(Stored items)
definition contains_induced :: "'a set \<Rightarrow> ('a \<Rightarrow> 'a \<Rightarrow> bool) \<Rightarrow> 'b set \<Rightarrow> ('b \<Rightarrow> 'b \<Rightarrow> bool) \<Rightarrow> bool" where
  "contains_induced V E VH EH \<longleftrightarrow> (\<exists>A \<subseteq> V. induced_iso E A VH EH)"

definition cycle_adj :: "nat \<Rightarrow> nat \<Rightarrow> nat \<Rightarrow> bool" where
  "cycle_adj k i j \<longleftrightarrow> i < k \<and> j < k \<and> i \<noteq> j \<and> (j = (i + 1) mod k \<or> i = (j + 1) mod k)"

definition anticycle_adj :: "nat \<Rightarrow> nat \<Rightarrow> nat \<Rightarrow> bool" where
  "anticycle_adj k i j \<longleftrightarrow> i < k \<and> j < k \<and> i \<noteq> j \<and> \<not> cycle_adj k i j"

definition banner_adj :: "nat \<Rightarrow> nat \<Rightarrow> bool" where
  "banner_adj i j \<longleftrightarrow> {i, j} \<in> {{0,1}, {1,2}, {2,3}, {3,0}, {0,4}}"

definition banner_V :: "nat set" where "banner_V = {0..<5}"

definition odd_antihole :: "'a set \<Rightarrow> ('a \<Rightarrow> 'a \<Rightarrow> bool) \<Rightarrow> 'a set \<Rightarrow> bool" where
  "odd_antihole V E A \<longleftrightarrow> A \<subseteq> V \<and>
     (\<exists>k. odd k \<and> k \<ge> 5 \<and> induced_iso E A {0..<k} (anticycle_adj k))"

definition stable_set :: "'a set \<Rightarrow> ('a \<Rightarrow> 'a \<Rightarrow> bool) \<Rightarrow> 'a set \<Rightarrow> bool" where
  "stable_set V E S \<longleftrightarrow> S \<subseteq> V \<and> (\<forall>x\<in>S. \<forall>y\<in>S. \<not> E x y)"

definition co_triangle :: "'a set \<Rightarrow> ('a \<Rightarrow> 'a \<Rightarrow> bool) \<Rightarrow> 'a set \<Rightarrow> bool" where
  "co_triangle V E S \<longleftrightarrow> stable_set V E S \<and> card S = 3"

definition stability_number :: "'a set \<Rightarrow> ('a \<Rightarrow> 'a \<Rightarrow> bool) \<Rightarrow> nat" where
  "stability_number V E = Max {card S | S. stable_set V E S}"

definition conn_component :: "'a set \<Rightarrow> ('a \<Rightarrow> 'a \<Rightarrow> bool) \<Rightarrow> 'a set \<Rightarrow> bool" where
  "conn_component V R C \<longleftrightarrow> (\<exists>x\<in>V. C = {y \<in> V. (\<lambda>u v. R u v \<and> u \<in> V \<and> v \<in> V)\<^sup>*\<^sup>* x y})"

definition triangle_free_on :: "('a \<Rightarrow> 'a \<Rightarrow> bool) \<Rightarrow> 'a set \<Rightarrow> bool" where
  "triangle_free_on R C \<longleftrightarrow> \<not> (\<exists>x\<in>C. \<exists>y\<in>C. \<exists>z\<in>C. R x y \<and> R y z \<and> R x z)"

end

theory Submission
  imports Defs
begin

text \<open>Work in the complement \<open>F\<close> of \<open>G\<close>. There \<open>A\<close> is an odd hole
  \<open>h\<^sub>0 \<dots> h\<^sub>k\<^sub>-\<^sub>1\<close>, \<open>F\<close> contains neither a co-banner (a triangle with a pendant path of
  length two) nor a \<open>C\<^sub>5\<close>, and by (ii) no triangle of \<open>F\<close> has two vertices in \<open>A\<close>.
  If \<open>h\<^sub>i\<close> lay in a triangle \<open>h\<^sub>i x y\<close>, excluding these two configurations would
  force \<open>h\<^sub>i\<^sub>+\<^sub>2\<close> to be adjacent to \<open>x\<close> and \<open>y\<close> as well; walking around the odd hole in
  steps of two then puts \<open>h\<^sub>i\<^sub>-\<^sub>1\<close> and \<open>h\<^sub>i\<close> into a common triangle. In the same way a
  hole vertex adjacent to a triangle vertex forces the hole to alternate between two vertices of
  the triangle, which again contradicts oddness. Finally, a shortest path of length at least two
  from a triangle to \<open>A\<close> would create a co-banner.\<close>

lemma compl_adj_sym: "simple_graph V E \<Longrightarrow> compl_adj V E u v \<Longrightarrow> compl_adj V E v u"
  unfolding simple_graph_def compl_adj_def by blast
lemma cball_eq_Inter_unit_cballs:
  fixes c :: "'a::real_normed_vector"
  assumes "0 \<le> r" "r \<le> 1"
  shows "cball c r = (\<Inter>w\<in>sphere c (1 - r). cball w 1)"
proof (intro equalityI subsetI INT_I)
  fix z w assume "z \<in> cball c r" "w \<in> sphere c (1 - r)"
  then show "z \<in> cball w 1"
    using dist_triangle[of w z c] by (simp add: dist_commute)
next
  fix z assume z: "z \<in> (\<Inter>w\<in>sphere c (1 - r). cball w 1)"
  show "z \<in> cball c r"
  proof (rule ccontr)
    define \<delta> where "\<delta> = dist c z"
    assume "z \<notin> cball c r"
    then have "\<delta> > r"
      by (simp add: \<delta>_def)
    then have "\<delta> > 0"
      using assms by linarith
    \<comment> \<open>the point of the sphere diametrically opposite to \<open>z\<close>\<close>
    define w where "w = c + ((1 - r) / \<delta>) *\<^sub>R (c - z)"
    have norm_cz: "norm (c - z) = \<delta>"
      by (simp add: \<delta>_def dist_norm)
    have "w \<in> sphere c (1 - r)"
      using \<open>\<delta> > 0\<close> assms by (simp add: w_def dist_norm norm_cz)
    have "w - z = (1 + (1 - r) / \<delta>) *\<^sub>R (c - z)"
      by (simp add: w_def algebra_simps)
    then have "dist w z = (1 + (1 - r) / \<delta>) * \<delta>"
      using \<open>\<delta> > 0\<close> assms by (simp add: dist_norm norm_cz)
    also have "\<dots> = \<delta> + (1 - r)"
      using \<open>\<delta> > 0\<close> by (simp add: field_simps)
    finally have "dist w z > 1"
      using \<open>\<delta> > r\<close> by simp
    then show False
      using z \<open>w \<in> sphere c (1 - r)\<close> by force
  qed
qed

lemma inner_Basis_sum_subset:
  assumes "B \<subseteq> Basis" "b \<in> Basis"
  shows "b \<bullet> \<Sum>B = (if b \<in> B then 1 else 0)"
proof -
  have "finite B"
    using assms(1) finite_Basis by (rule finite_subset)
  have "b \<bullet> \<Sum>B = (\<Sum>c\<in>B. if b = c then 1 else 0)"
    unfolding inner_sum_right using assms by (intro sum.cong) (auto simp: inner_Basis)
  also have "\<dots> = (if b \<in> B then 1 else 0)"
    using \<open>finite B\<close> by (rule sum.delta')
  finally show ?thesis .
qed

■ Task item:
Among the records, find all lines that include the string "also" and return them.

■ Solution for this task:
    also have "\<dots> = \<delta> + (1 - r)"
  also have "\<dots> = (if b \<in> B then 1 else 0)"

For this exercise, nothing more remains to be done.